Unknown Speaker Speech Separation Based on Multiscale Deformable Attention Encoding and Multi-Path Fusion
-
Graphical Abstract
-
Abstract
This study proposed a novel model for unknown speaker speech separation that was designed to operate effectively in complex environments characterized by noise and reverberation. Existing models for unknown speaker separation typically evaluated performance under clean experimental conditions that do not reflect the demands of real-world settings. To enhance the adaptability of the model to the variability and non-stationarity of mixed speech signals encountered in practical applications, we integrated a multi-scale deformable attention mechanism with a Transformer encoder to form the transformer encoder multi-scale deformable attention module.

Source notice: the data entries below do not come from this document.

lemma convex_hull_affine_margin:
  fixes u w :: "'b::euclidean_space"
  assumes "finite V"
    and le: "\<And>v. v \<in> V \<Longrightarrow> u \<bullet> v \<le> D"
    and less: "\<And>v. v \<in> V \<Longrightarrow> 0 < \<beta> - w \<bullet> v \<Longrightarrow> u \<bullet> v < D"
  obtains \<alpha> where "\<alpha> > 0" "\<And>z. z \<in> convex hull V \<Longrightarrow> u \<bullet> z + \<alpha> * (\<beta> - w \<bullet> z) \<le> D"
proof -
  define S where "S = (\<lambda>v. (D - u \<bullet> v) / (\<beta> - w \<bullet> v)) ` {v \<in> V. 0 < \<beta> - w \<bullet> v}"
  define \<alpha> where "\<alpha> = Min (insert 1 S)"
  have fin: "finite (insert 1 S)" using assms(1) by (simp add: S_def)
  have "\<alpha> > 0" unfolding \<alpha>_def using fin less by (subst Min_gr_iff) (auto simp: S_def)
  have vertex: "u \<bullet> v + \<alpha> * (\<beta> - w \<bullet> v) \<le> D" if v: "v \<in> V" for v
  proof (cases "0 < \<beta> - w \<bullet> v")
    case True
    then have "\<alpha> \<le> (D - u \<bullet> v) / (\<beta> - w \<bullet> v)"
      unfolding \<alpha>_def using fin v by (intro Min_le) (auto simp: S_def)
    then show ?thesis using True by (simp add: le_divide_eq)
  next
    case False
    then have "\<alpha> * (\<beta> - w \<bullet> v) \<le> 0" using \<open>\<alpha> > 0\<close> by (simp add: mult_nonneg_nonpos)
    then show ?thesis using le[OF v] by linarith
  qed
  have "convex {z. (u - \<alpha> *\<^sub>R w) \<bullet> z \<le> D - \<alpha> * \<beta>}" by (rule convex_halfspace_le)
  moreover have "V \<subseteq> {z. (u - \<alpha> *\<^sub>R w) \<bullet> z \<le> D - \<alpha> * \<beta>}"
    using vertex by (auto simp: inner_diff_left algebra_simps)
  ultimately have "convex hull V \<subseteq> {z. (u - \<alpha> *\<^sub>R w) \<bullet> z \<le> D - \<alpha> * \<beta>}"
    by (rule hull_minimal[rotated])
  then show ?thesis
    using that[OF \<open>\<alpha> > 0\<close>] by (force simp: inner_diff_left algebra_simps)
qed

section \<open>Prolonging a diameter segment through a facet\<close>

text \<open>A segment ending at a relative interior point \<open>p\<close> of a facet can be prolonged beyond \<open>p\<close>
  inside the pyramid over the facet with any apex \<open>x\<close> beyond it: the line from \<open>x\<close> through the
  prolonged endpoint meets the facet hyperplane close to \<open>p\<close>.\<close>
lemma prolong_segment_into_pyramid:
  fixes p q x :: "'a::euclidean_space"
  assumes p: "p \<in> rel_interior F" and aff: "affine hull F = {y. n \<bullet> y = h}"
    and q: "n \<bullet> q \<le> h" and x: "h < n \<bullet> x"
  obtains \<delta> where "\<delta> > 0" "p - \<delta> *\<^sub>R (q - p) \<in> convex hull (insert x F)"
proof -
  obtain r where r: "r > 0" "ball p r \<inter> affine hull F \<subseteq> F"
    using p mem_rel_interior_ball by blast
  have "p \<in> F" using p rel_interior_subset by blast
  then have "p \<in> affine hull F" by (rule hull_inc)
  then have np: "n \<bullet> p = h" using aff by simp
  define k where "k = (h - n \<bullet> q) / (n \<bullet> x - h)"
  define w where "w = (p - q) - k *\<^sub>R (x - p)"
  define f where "f \<delta> = p + (\<delta> / (1 - \<delta> * k)) *\<^sub>R w" for \<delta>
  have k: "k \<ge> 0" "k * (n \<bullet> x - h) = h - n \<bullet> q" using q x by (simp_all add: k_def)
  have nw: "n \<bullet> w = 0" using k(2) np by (simp add: w_def inner_diff_right algebra_simps)
  have "(f \<longlongrightarrow> p + (0 / (1 - 0 * k)) *\<^sub>R w) (at_right 0)"
    unfolding f_def by (intro tendsto_intros) simp
  then have "eventually (\<lambda>\<delta>. dist (f \<delta>) p < r) (at_right 0)"
    using tendstoD[OF _ r(1)] by simp
  moreover have "((\<lambda>\<delta>. \<delta> * k) \<longlongrightarrow> 0 * k) (at_right 0)" by (intro tendsto_intros)
  then have "eventually (\<lambda>\<delta>. \<delta> * k < 1) (at_right 0)" by (rule order_tendstoD(2)) simp
  ultimately have "eventually (\<lambda>\<delta>. 0 < \<delta> \<and> \<delta> * k < 1 \<and> dist (f \<delta>) p < r) (at_right 0)"
    using eventually_at_right_less[of "0::real"] by eventually_elim auto
  then obtain \<delta> where \<delta>: "0 < \<delta>" "\<delta> * k < 1" "dist (f \<delta>) p < r"
    using eventually_happens'[OF trivial_limit_at_right_real] by blast
  have "n \<bullet> f \<delta> = h" using nw np by (simp add: f_def inner_add_right)
  then have "f \<delta> \<in> F" using r(2) \<delta>(3) aff by (auto simp: dist_commute)
  moreover have "p - \<delta> *\<^sub>R (q - p) = (1 - \<delta> * k) *\<^sub>R f \<delta> + (\<delta> * k) *\<^sub>R x"
  proof -
    have "(1 - \<delta> * k) *\<^sub>R f \<delta> = (1 - \<delta> * k) *\<^sub>R p + \<delta> *\<^sub>R w"
      using \<delta>(2) by (simp add: f_def scaleR_add_right)
    then show ?thesis by (simp add: w_def algebra_simps)
  qed
  moreover have "0 \<le> \<delta> * k" using \<delta>(1) k(1) by simp
  ultimately have "p - \<delta> *\<^sub>R (q - p) \<in> convex hull (insert x F)"
    using \<delta>(2) convexD[OF convex_convex_hull, of "f \<delta>" "insert x F" x]
    by (simp add: hull_inc)
  then show ?thesis using that \<delta>(1) by blast
qed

This approach enabled dynamic computation at various positions through the offset layers of the multiscale deformable attention mechanism, thereby expanding the receptive field of the model and allowing it to focus more effectively on crucial temporal points while simultaneously mitigating the adverse impacts of noise and reverberation. Additionally, to improve the acquisition of contextual information, we adopted a multipath fusion strategy that augmented the dual-path module with a Conformer layer, resulting in a three-path module. This design facilitated the extraction of feature information among multiple speakers, thereby enhancing the ability of the model to fuse information from both single and multiple speakers, which is critical for improving speech separation performance. Experimental results demonstrated that the proposed model achieved significant separation efficacy on both the clean and noisy Libri2Mix and Libri3Mix datasets. Notably, on the LRS2-2Mix dataset, the model exhibited improved resilience against noise and reverberation, achieving Scale-Invariant Signal-to-Noise Ratio Improvement (SI-SNRi) and Signal-to-Distortion Ratio Improvement (SDRi) scores of 14.7 dB and 15.1 dB, respectively. Furthermore, the model attained an estimation accuracy of 98.89% across varying speaker counts, thereby displaying an improvement of 0.12%. These findings indicate that the proposed model is well-suited for real-world applications, as it effectively addresses the challenges posed by complex auditory environments.
-
-